Create Validation and Sample sets
Rearrange image files into their respective directories
Finetune and Train model
Generate predictions
Validate predictions
Submit predictions to Kaggle



## Create Validation and Sample Sets

In [1]:
#Verify we are in the nbs directory
%pwd

u'/home/ubuntu/deeplearning'

In [2]:
#Create references to some commonly referred directories
import os, sys
current_dir = os.getcwd()
NBS_HOME_DIR = current_dir
DATA_HOME_DIR = current_dir + '/data/redux'

In [3]:
#Import modules
from utils import *
from vgg16 import Vgg16

#Setup inline plots
%matplotlib inline

 https://github.com/Theano/Theano/wiki/Converting-to-the-new-gpu-back-end%28gpuarray%29

Using Theano backend.


In [4]:
# Create directories
%cd $DATA_HOME_DIR
%mkdir valid
%mkdir results
%mkdir -p sample/train
%mkdir -p sample/test
%mkdir -p sample/valid
%mkdir -p sample/results
%mkdir -p test/unknown

/home/ubuntu/deeplearning/data/redux
mkdir: cannot create directory ‘valid’: File exists
mkdir: cannot create directory ‘results’: File exists


In [5]:
%cd $DATA_HOME_DIR/train

/home/ubuntu/deeplearning/data/redux/train


In [6]:
#Seperate a validation set
g = glob('*.jpg')
shuf = np.random.permutation(g)
for i in range(2000): os.rename(shuf[i], DATA_HOME_DIR+'/valid/'+shuf[i])

In [7]:
from shutil import copyfile

In [8]:
g = glob('*.jpg')
shuf = np.random.permutation(g)
for i in range(200): copyfile(shuf[i], DATA_HOME_DIR+'/sample/train/'+shuf[i])

In [9]:
%cd $DATA_HOME_DIR/valid

/home/ubuntu/deeplearning/data/redux/valid


In [10]:
g = glob('*.jpg')
shuf = np.random.permutation(g)
for i in range(50): copyfile(shuf[i], DATA_HOME_DIR+'/sample/valid/'+shuf[i])
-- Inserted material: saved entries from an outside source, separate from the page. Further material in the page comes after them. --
fun peval :: "(fm \<Rightarrow> bool) \<Rightarrow> fm \<Rightarrow> bool" where
  "peval v Top = True"
| "peval v (Atom p) = v (Atom p)"
| "peval v (Neg a) = (\<not> peval v a)"
| "peval v (Conj a b) = (peval v a \<and> peval v b)"
| "peval v (Box i a) = v (Box i a)"

definition taut :: "fm \<Rightarrow> bool" where
  "taut a = (\<forall>v. peval v a)"

fun subst :: "(nat \<Rightarrow> fm) \<Rightarrow> fm \<Rightarrow> fm" where
  "subst s Top = Top"
| "subst s (Atom p) = s p"
| "subst s (Neg a) = Neg (subst s a)"
| "subst s (Conj a b) = Conj (subst s a) (subst s b)"
| "subst s (Box i a) = Box i (subst s a)"

definition normal_logic :: "nat set \<Rightarrow> nat set \<Rightarrow> fm set \<Rightarrow> bool" where
  "normal_logic Phi I Lam \<longleftrightarrow>
     Lam \<subseteq> lang Phi I
   \<and> (\<forall>a \<in> lang Phi I. taut a \<longrightarrow> a \<in> Lam)
   \<and> (\<forall>i \<in> I. \<forall>a \<in> lang Phi I. \<forall>b \<in> lang Phi I.
        imp (Box i (imp a b)) (imp (Box i a) (Box i b)) \<in> Lam)
   \<and> (\<forall>a b. a \<in> Lam \<longrightarrow> imp a b \<in> Lam \<longrightarrow> b \<in> Lam)
   \<and> (\<forall>i \<in> I. \<forall>a \<in> Lam. Box i a \<in> Lam)
   \<and> (\<forall>s a. (\<forall>p \<in> Phi. s p \<in> lang Phi I) \<longrightarrow> a \<in> Lam \<longrightarrow> subst s a \<in> Lam)"

text \<open>Kripke models with (countable, as subsets of nat) state sets.\<close>
record kmodel =
  wrld :: "nat set"
  rel :: "nat \<Rightarrow> nat \<Rightarrow> nat \<Rightarrow> bool"
  val :: "nat \<Rightarrow> nat set"

definition kripke :: "kmodel \<Rightarrow> bool" where
  "kripke M \<longleftrightarrow> wrld M \<noteq> {}
     \<and> (\<forall>i s t. rel M i s t \<longrightarrow> s \<in> wrld M \<and> t \<in> wrld M)
     \<and> (\<forall>p. val M p \<subseteq> wrld M)"

type_synonym pointed = "kmodel \<times> nat"

definition pointed_model :: "pointed \<Rightarrow> bool" where
  "pointed_model x \<longleftrightarrow> kripke (fst x) \<and> snd x \<in> wrld (fst x)"

fun sat :: "kmodel \<Rightarrow> nat \<Rightarrow> fm \<Rightarrow> bool" where
  "sat M s Top = True"
| "sat M s (Atom p) = (s \<in> val M p)"
| "sat M s (Neg a) = (\<not> sat M s a)"
| "sat M s (Conj a b) = (sat M s a \<and> sat M s b)"
| "sat M s (Box i a) = (\<forall>t. rel M i s t \<longrightarrow> sat M t a)"

definition psat :: "pointed \<Rightarrow> fm \<Rightarrow> bool" where
  "psat x a = sat (fst x) (snd x) a"

definition modeq :: "nat set \<Rightarrow> nat set \<Rightarrow> pointed \<Rightarrow> pointed \<Rightarrow> bool" where
  "modeq Phi I x y \<longleftrightarrow> (\<forall>a \<in> lang Phi I. psat x a \<longleftrightarrow> psat y a)"

definition bisimilar :: "nat set \<Rightarrow> nat set \<Rightarrow> pointed \<Rightarrow> pointed \<Rightarrow> bool" where
  "bisimilar Phi I x y \<longleftrightarrow> (\<exists>Z. Z (snd x) (snd y) \<and>
     (\<forall>u v. Z u v \<longrightarrow>
        u \<in> wrld (fst x) \<and> v \<in> wrld (fst y)
      \<and> (\<forall>p \<in> Phi. u \<in> val (fst x) p \<longleftrightarrow> v \<in> val (fst y) p)
      \<and> (\<forall>i \<in> I. \<forall>u'. rel (fst x) i u u' \<longrightarrow> (\<exists>v'. rel (fst y) i v v' \<and> Z u' v'))
      \<and> (\<forall>i \<in> I. \<forall>v'. rel (fst y) i v v' \<longrightarrow> (\<exists>u'. rel (fst x) i u u' \<and> Z u' v'))))"

fun nbisim :: "nat set \<Rightarrow> nat set \<Rightarrow> nat \<Rightarrow> kmodel \<Rightarrow> nat \<Rightarrow> kmodel \<Rightarrow> nat \<Rightarrow> bool" where
  "nbisim Phi I 0 M u N v = (\<forall>p \<in> Phi. u \<in> val M p \<longleftrightarrow> v \<in> val N p)"
| "nbisim Phi I (Suc n) M u N v =
     ((\<forall>p \<in> Phi. u \<in> val M p \<longleftrightarrow> v \<in> val N p)
    \<and> (\<forall>i \<in> I. \<forall>u'. rel M i u u' \<longrightarrow> (\<exists>v'. rel N i v v' \<and> nbisim Phi I n M u' N v'))
    \<and> (\<forall>i \<in> I. \<forall>v'. rel N i v v' \<longrightarrow> (\<exists>u'. rel M i u u' \<and> nbisim Phi I n M u' N v')))"

definition pnbisim :: "nat set \<Rightarrow> nat set \<Rightarrow> nat \<Rightarrow> pointed \<Rightarrow> pointed \<Rightarrow> bool" where
  "pnbisim Phi I n x y = nbisim Phi I n (fst x) (snd x) (fst y) (snd y)"

definition cls :: "nat set \<Rightarrow> nat set \<Rightarrow> pointed set \<Rightarrow> pointed \<Rightarrow> pointed set" where
  "cls Phi I X x = {y \<in> X. modeq Phi I x y}"

definition modal_space :: "nat set \<Rightarrow> nat set \<Rightarrow> pointed set \<Rightarrow> pointed set set" where
  "modal_space Phi I X = cls Phi I X ` X"

definition dB_pt :: "nat set \<Rightarrow> nat set \<Rightarrow> pointed \<Rightarrow> pointed \<Rightarrow> real" where
  "dB_pt Phi I x y = (if \<forall>n. pnbisim Phi I n x y then 0
                      else (1/2) ^ (LEAST n. \<not> pnbisim Phi I n x y))"

definition dB :: "nat set \<Rightarrow> nat set \<Rightarrow> pointed set \<Rightarrow> pointed set \<Rightarrow> real" where
  "dB Phi I c d = dB_pt Phi I (SOME x. x \<in> c) (SOME y. y \<in> d)"

definition TB :: "nat set \<Rightarrow> nat set \<Rightarrow> pointed set \<Rightarrow> pointed set topology" where
  "TB Phi I X = Metric_space.mtopology (modal_space Phi I X) (dB Phi I)"

definition logically_converges ::
  "nat set \<Rightarrow> nat set \<Rightarrow> (nat \<Rightarrow> pointed) \<Rightarrow> pointed \<Rightarrow> bool" where
  "logically_converges Phi I xs x \<longleftrightarrow>
     (\<forall>a \<in> lang Phi I. psat x a \<longrightarrow> (\<exists>N. \<forall>n \<ge> N. psat (xs n) a))"

end

theory Submission
  imports Defs
begin
(* During the Part I procedure, suppose a bridge step processes the edge $xy$ and forms a blossom. Let $v$ be a vertex that was odd before this step and lies on the tree path from (the blossom containing) $y$ to the base of the newly formed blossom, and let $uv\notin M$ be an edge with $u$ even (possibly $u$ in a different tree). Then $v$ becomes even in this step, and $\mathrm{lcp}(x)+\mathrm{lcp}(y)\le \mathrm{lcp}(v)+\mathrm{lcp}(u)$.
   Context: Let $G=(V,E)$ be a finite undirected graph and $M$ a matching in $G$; free vertices and $\mathit{mate}(v)$ are as usual. The Part I procedure maintains a search structure $S$: a forest whose nodes are either single (odd) vertices or blossoms (disjoint vertex sets with a distinguished base vertex), each tree rooted at a blossom containing a free vertex. Vertices in $S$ are labelled even (those in blossoms) or odd; vertices not in $S$ are unlabelled. A vertex is born even/odd according to the label it receives when inserted. The procedure maintains $\mathrm{lcp}(v)$ for even vertices and $\mathrm{lcp}_{\mathrm{odd}}(v)$ for vertices born odd. The blossom nodes currently in $S$ are the maximal blossoms. Phase $0$: every free vertex $v$ becomes the root of its own tree as a trivial blossom $\{v\}$ with base $v$, even, $\mathrm{lcp}(v)=0$. For $\Delta=1,2,\dots$, phase $\Delta$ does: (i) if $\Delta$ is even, growth steps: while some even vertex $v$ with $\mathrm{lcp}(v)=\Delta-2$ has a neighbour $x$ not in $S$, add $x$ as an odd child of the blossom containing $v$ with $\mathrm{lcp}_{\mathrm{odd}}(x)=\Delta-1$, and $\mathit{mate}(x)$ as a child of $x$, as a trivial even blossom with $\mathrm{lcp}(\mathit{mate}(x))=\Delta$; (ii) bridge steps: while there is a non-matching edge $xy$ with $x,y$ even, in different maximal blossoms $B_x,B_y$, and $\mathrm{lcp}(x)+\mathrm{lcp}(y)=2\Delta-2$: if $B_x,B_y$ lie in different trees the procedure stops; otherwise let $B$ be the lowest common ancestor of $B_x,B_y$; every odd vertex $z$ on the tree paths from $B_x$ and $B_y$ to $B$ becomes even with $\mathrm{lcp}(z)=\mathrm{lcp}(x)+1+\mathrm{lcp}(y)-\mathrm{lcp}_{\mathrm{odd}}(z)$, and $B$ together with all blossoms and odd vertices on both paths is merged into one new blossom with base equal to the base of $B$, replacing $B$ in the tree. *)

theory Defs
  imports Main
begin

definition graph :: "'a set \<Rightarrow> 'a set set \<Rightarrow> bool" where
  "graph V E \<longleftrightarrow> finite V \<and> (\<forall>e\<in>E. \<exists>a b. e = {a, b} \<and> a \<noteq> b \<and> a \<in> V \<and> b \<in> V)"

definition matching :: "'a set set \<Rightarrow> 'a set set \<Rightarrow> bool" where
  "matching E M \<longleftrightarrow> M \<subseteq> E \<and> (\<forall>e1\<in>M. \<forall>e2\<in>M. e1 \<noteq> e2 \<longrightarrow> e1 \<inter> e2 = {})"

definition free :: "'a set \<Rightarrow> 'a set set \<Rightarrow> 'a \<Rightarrow> bool" where
  "free V M v \<longleftrightarrow> v \<in> V \<and> (\<forall>e\<in>M. v \<notin> e)"

definition mate :: "'a set set \<Rightarrow> 'a \<Rightarrow> 'a" where
  "mate M v = (THE u. {v, u} \<in> M)"

text \<open>Nodes of the forest: Inl z is a single (odd) vertex z, Inr B is a blossom B.\<close>
type_synonym 'a node = "'a + 'a set"

datatype stage = Grow | Bridge | Stopped

text \<open>State of the Part I procedure: the nodes of S, parent pointers, bases of blossoms,
  lcp (even vertices), lcp_odd (vertices born odd), current phase Delta and the sub-stage
  of the current phase (growth steps / bridge steps / procedure stopped).\<close>
record 'a sstate =
  nodes :: "'a node set"
  par :: "'a node \<Rightarrow> 'a node option"
  bse :: "'a set \<Rightarrow> 'a"
  lcp :: "'a \<Rightarrow> nat"
  lcpo :: "'a \<Rightarrow> nat"
  delta :: nat
  stg :: stage

definition oddV :: "('a, 'b) sstate_scheme \<Rightarrow> 'a set" where
  "oddV s = {v. Inl v \<in> nodes s}"

definition blossoms :: "('a, 'b) sstate_scheme \<Rightarrow> 'a set set" where
  "blossoms s = {B. Inr B \<in> nodes s}"

definition evenV :: "('a, 'b) sstate_scheme \<Rightarrow> 'a set" where
  "evenV s = \<Union> (blossoms s)"

definition inS :: "('a, 'b) sstate_scheme \<Rightarrow> 'a set" where
  "inS s = oddV s \<union> evenV s"

definition blossom_of :: "('a, 'b) sstate_scheme \<Rightarrow> 'a \<Rightarrow> 'a set" where
  "blossom_of s v = (THE B. B \<in> blossoms s \<and> v \<in> B)"

definition node_set :: "'a node \<Rightarrow> 'a set" where
  "node_set n = (case n of Inl z \<Rightarrow> {z} | Inr B \<Rightarrow> B)"

definition node_base :: "('a, 'b) sstate_scheme \<Rightarrow> 'a node \<Rightarrow> 'a" where
  "node_base s n = (case n of Inl z \<Rightarrow> z | Inr B \<Rightarrow> bse s B)"

definition anc :: "('a, 'b) sstate_scheme \<Rightarrow> 'a node \<Rightarrow> 'a node \<Rightarrow> bool" where
  "anc s n m \<longleftrightarrow> (n, m) \<in> {(p, q). p \<in> nodes s \<and> par s p = Some q}\<^sup>*"

definition lca :: "('a, 'b) sstate_scheme \<Rightarrow> 'a node \<Rightarrow> 'a node \<Rightarrow> 'a node" where
  "lca s a b = (THE c. anc s a c \<and> anc s b c \<and> (\<forall>d. anc s a d \<and> anc s b d \<longrightarrow> anc s c d))"

definition tpath :: "('a, 'b) sstate_scheme \<Rightarrow> 'a node \<Rightarrow> 'a node \<Rightarrow> 'a node set" where
  "tpath s a c = {n. anc s a n \<and> anc s n c}"

definition same_tree :: "('a, 'b) sstate_scheme \<Rightarrow> 'a \<Rightarrow> 'a \<Rightarrow> bool" where
  "same_tree s x y \<longleftrightarrow>
     (\<exists>c. anc s (Inr (blossom_of s x)) c \<and> anc s (Inr (blossom_of s y)) c)"

definition init :: "'a set \<Rightarrow> 'a set set \<Rightarrow> 'a sstate" where
  "init V M = \<lparr> nodes = {Inr {v} | v. free V M v}, par = (\<lambda>_. None), bse = the_elem,
      lcp = (\<lambda>_. 0), lcpo = (\<lambda>_. 0), delta = 1, stg = Grow \<rparr>"

definition growth_enabled :: "'a set set \<Rightarrow> 'a sstate \<Rightarrow> 'a \<Rightarrow> 'a \<Rightarrow> bool" where
  "growth_enabled E s v x \<longleftrightarrow> even (delta s) \<and> v \<in> evenV s \<and> lcp s v + 2 = delta s
      \<and> {v, x} \<in> E \<and> x \<notin> inS s"

definition grow :: "'a set set \<Rightarrow> 'a sstate \<Rightarrow> 'a \<Rightarrow> 'a \<Rightarrow> 'a sstate" where
  "grow M s v x = s\<lparr> nodes := nodes s \<union> {Inl x, Inr {mate M x}},
      par := (par s)(Inl x := Some (Inr (blossom_of s v)), Inr {mate M x} := Some (Inl x)),
      bse := (bse s)({mate M x} := mate M x),
      lcpo := (lcpo s)(x := delta s - 1),
      lcp := (lcp s)(mate M x := delta s) \<rparr>"

definition bridge_enabled :: "'a set set \<Rightarrow> 'a set set \<Rightarrow> 'a sstate \<Rightarrow> 'a \<Rightarrow> 'a \<Rightarrow> bool" where
  "bridge_enabled E M s x y \<longleftrightarrow> {x, y} \<in> E \<and> {x, y} \<notin> M \<and> x \<in> evenV s \<and> y \<in> evenV s
      \<and> blossom_of s x \<noteq> blossom_of s y \<and> lcp s x + lcp s y + 2 = 2 * delta s"

definition merge :: "'a sstate \<Rightarrow> 'a \<Rightarrow> 'a \<Rightarrow> 'a sstate" where
  "merge s x y =
    (let a = Inr (blossom_of s x); b = Inr (blossom_of s y); c = lca s a b;
         P = tpath s a c \<union> tpath s b c;
         Z = {z. Inl z \<in> P};
         N = \<Union> (node_set ` P)
     in s\<lparr> nodes := (nodes s - P) \<union> {Inr N},
           par := (\<lambda>n. if n = Inr N then par s c
                       else (case par s n of None \<Rightarrow> None
                             | Some p \<Rightarrow> if p \<in> P then Some (Inr N) else Some p)),
           bse := (bse s)(N := node_base s c),
           lcp := (\<lambda>z. if z \<in> Z then lcp s x + 1 + lcp s y - lcpo s z else lcp s z) \<rparr>)"

inductive step :: "'a set set \<Rightarrow> 'a set set \<Rightarrow> 'a sstate \<Rightarrow> 'a sstate \<Rightarrow> bool"
  for E M where
  growth: "stg s = Grow \<Longrightarrow> growth_enabled E s v x \<Longrightarrow> step E M s (grow M s v x)"
| growth_done: "stg s = Grow \<Longrightarrow> \<not> (\<exists>v x. growth_enabled E s v x) \<Longrightarrow>
      step E M s (s\<lparr>stg := Bridge\<rparr>)"
| bridge_stop: "stg s = Bridge \<Longrightarrow> bridge_enabled E M s x y \<Longrightarrow> \<not> same_tree s x y \<Longrightarrow>
      step E M s (s\<lparr>stg := Stopped\<rparr>)"
| bridge_merge: "stg s = Bridge \<Longrightarrow> bridge_enabled E M s x y \<Longrightarrow> same_tree s x y \<Longrightarrow>
      step E M s (merge s x y)"
| next_phase: "stg s = Bridge \<Longrightarrow> \<not> (\<exists>x y. bridge_enabled E M s x y) \<Longrightarrow>
      step E M s (s\<lparr>delta := delta s + 1, stg := Grow\<rparr>)"

inductive reachable :: "'a set \<Rightarrow> 'a set set \<Rightarrow> 'a set set \<Rightarrow> 'a sstate \<Rightarrow> bool"
  for V E M where
  start: "reachable V E M (init V M)"
| continue: "reachable V E M s \<Longrightarrow> step E M s s' \<Longrightarrow> reachable V E M s'"

end

theory Submission
  imports Defs
begin

(* Two invariants of reachable states carry the argument: lcp_odd(z) < Delta for every vertex z,
  and lcp_odd(v) <= lcp(u) + 1 for every edge uv with u even and v odd.  The second holds because
  a vertex becomes odd in phase Delta only if it is still unlabelled after the growth steps of the
  earlier phases, so its even neighbours have lcp >= Delta - 2, while a vertex z made even by a
  bridge step gets lcp(z) = 2 Delta - 1 - lcp_odd(z) >= Delta.  In the bridge step of the theorem
  lcp(x) + lcp(y) = 2 Delta - 2 and lcp(v) = 2 Delta - 1 - lcp_odd(v): if u stays outside the new
  blossom the edge invariant gives the bound, and if u also becomes even then lcp(u), lcp(v) >= Delta.  The invariants become
  inductive once strengthened by the parity of the labels, acyclicity of the parent pointers,
  disjointness of the blossoms and closure of S under mates. *)

lemma matched_mate:
  assumes "graph V E" "matching E M" "e \<in> M" "z \<in> e"
  shows "e = {z, mate M z}" "mate M z \<noteq> z" "mate M (mate M z) = z"
proof -
  have "e \<in> E" using assms(2,3) unfolding matching_def by blast
  then have "\<exists>a b. e = {a, b} \<and> a \<noteq> b \<and> a \<in> V \<and> b \<in> V" using assms(1) unfolding graph_def by simp
  then obtain a b where ab: "e = {a, b}" "a \<noteq> b" by blast
  define m where "m = (if z = a then b else a)"
  have em: "e = {z, m}" "m \<noteq> z" using ab assms(4) unfolding m_def by auto
  have only_e: "{w, w'} = e" if "{w, w'} \<in> M" "w \<in> e" for w w'
  proof (rule ccontr)
    assume "{w, w'} \<noteq> e"
    then have "{w, w'} \<inter> e = {}" using assms(2,3) that(1) unfolding matching_def by simp
    then show False using that(2) by simp
  qed
  have "mate M z = m" unfolding mate_def
  proof (rule the_equality)
    show "{z, m} \<in> M" using em assms(3) by simp
    show "w = m" if "{z, w} \<in> M" for w
      using only_e[OF that assms(4)] em by (auto simp: doubleton_eq_iff)
  qed
  moreover have "mate M m = z" unfolding mate_def
  proof (rule the_equality)
    show "{m, z} \<in> M" using em assms(3) by (simp add: insert_commute)
    show "w = z" if "{m, w} \<in> M" for w
      using only_e[OF that] em by (auto simp: doubleton_eq_iff)
  qed
  ultimately show "e = {z, mate M z}" "mate M z \<noteq> z" "mate M (mate M z) = z"
    using em by simp_all
qed

definition parent_rel :: "('a, 'b) sstate_scheme \<Rightarrow> ('a node \<times> 'a node) set" where
  "parent_rel s = {(p, q). p \<in> nodes s \<and> par s p = Some q}"

lemma anc_iff_parent_rel: "anc s n m \<longleftrightarrow> (n, m) \<in> (parent_rel s)\<^sup>*"
  unfolding anc_def parent_rel_def ..

definition parent_closed :: "('a, 'b) sstate_scheme \<Rightarrow> bool" where
  "parent_closed s \<longleftrightarrow> (\<forall>p\<in>nodes s. \<forall>q. par s p = Some q \<longrightarrow> q \<in> nodes s)"

definition ranked :: "('a, 'b) sstate_scheme \<Rightarrow> ('a node \<Rightarrow> nat) \<Rightarrow> bool" where
  "ranked s h \<longleftrightarrow> (\<forall>p\<in>nodes s. \<forall>q. par s p = Some q \<longrightarrow> h q < h p)"

lemma anc_in_nodes:
  assumes "parent_closed s" "anc s n m" "n \<in> nodes s"
  shows "m \<in> nodes s"
proof -
  have "(n, m) \<in> (parent_rel s)\<^sup>*" using assms(2) unfolding anc_iff_parent_rel .
  then show ?thesis
    using assms(1,3) by (induction rule: rtrancl_induct) (auto simp: parent_closed_def parent_rel_def)
qed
## Rearrange image files into respective directories

In [11]:
#Seperate cat and dog images into seperate directories
%cd $DATA_HOME_DIR/valid
%mkdir cats
%mkdir dogs
%mv cat.*.jpg cats/
%mv dog.*.jpg dogs/

%cd $DATA_HOME_DIR/train
%mkdir cats
%mkdir dogs
%mv cat.*.jpg cats/
%mv dog.*.jpg dogs/

%cd $DATA_HOME_DIR/sample/train
%mkdir cats
%mkdir dogs
%mv cat.*.jpg cats/
%mv dog.*.jpg dogs/

%cd $DATA_HOME_DIR/sample/valid
%mkdir cats
%mkdir dogs
%mv cat.*.jpg cats/
%mv dog.*.jpg dogs/


/home/ubuntu/deeplearning/data/redux/valid
/home/ubuntu/deeplearning/data/redux/train
/home/ubuntu/deeplearning/data/redux/sample/train
/home/ubuntu/deeplearning/data/redux/sample/valid


In [12]:
# Create single unkown class for test
%cd $DATA_HOME_DIR/test
%mv *jpg unknown/

/home/ubuntu/deeplearning/data/redux/test


## Finetune and Train Model

In [13]:
%cd $DATA_HOME_DIR

#set path to sample path if desired
#path = DATA_HOME_DIR + '/'
path = DATA_HOME_DIR + '/sample/'
test_path = DATA_HOME_DIR + '/test/'
results_path = DATA_HOME_DIR + 'results'
train_path = path + '/train/'
valid_path = path + '/valid'

/home/ubuntu/deeplearning/data/redux


In [14]:
#import vgg16 helper function
vgg = Vgg16()

In [15]:
#Set constants
batch_size = 64
no_of_epochs = 3

In [16]:
#Finetune the Model
batches = vgg.get_batches(train_path, batch_size=batch_size)
val_batches = vgg.get_batches(valid_path, batch_size=batch_size*2)
vgg.finetune(batches)

vgg.model.optimizer.lr = 0.01

Found 200 images belonging to 2 classes.
Found 50 images belonging to 2 classes.


In [17]:
#Notice we are passing in the validation dataset to the fit() method
#For each epoch we test our model against the validation set
latest_weights_filename = None
for epoch in range(no_of_epochs):
    print "Running epoch: %d" % epoch
    vgg.fit(batches, val_batches, nb_epoch=1)
    latest_weights_filename = 'ft%d.h5' % epoch
    vgg.model.save_weights(results_path+latest_weights_filename)
print "Completed %s fit operations" % no_of_epochs

Running epoch: 0
Epoch 1/1
Running epoch: 1
Epoch 1/1
Running epoch: 2
Epoch 1/1
Completed 3 fit operations


## Generate Predictions

Lets use the new model to make predicitions on the test data set

In [None]:
batches, preds = vgg.test(test_path, batch_size=batch_size*2)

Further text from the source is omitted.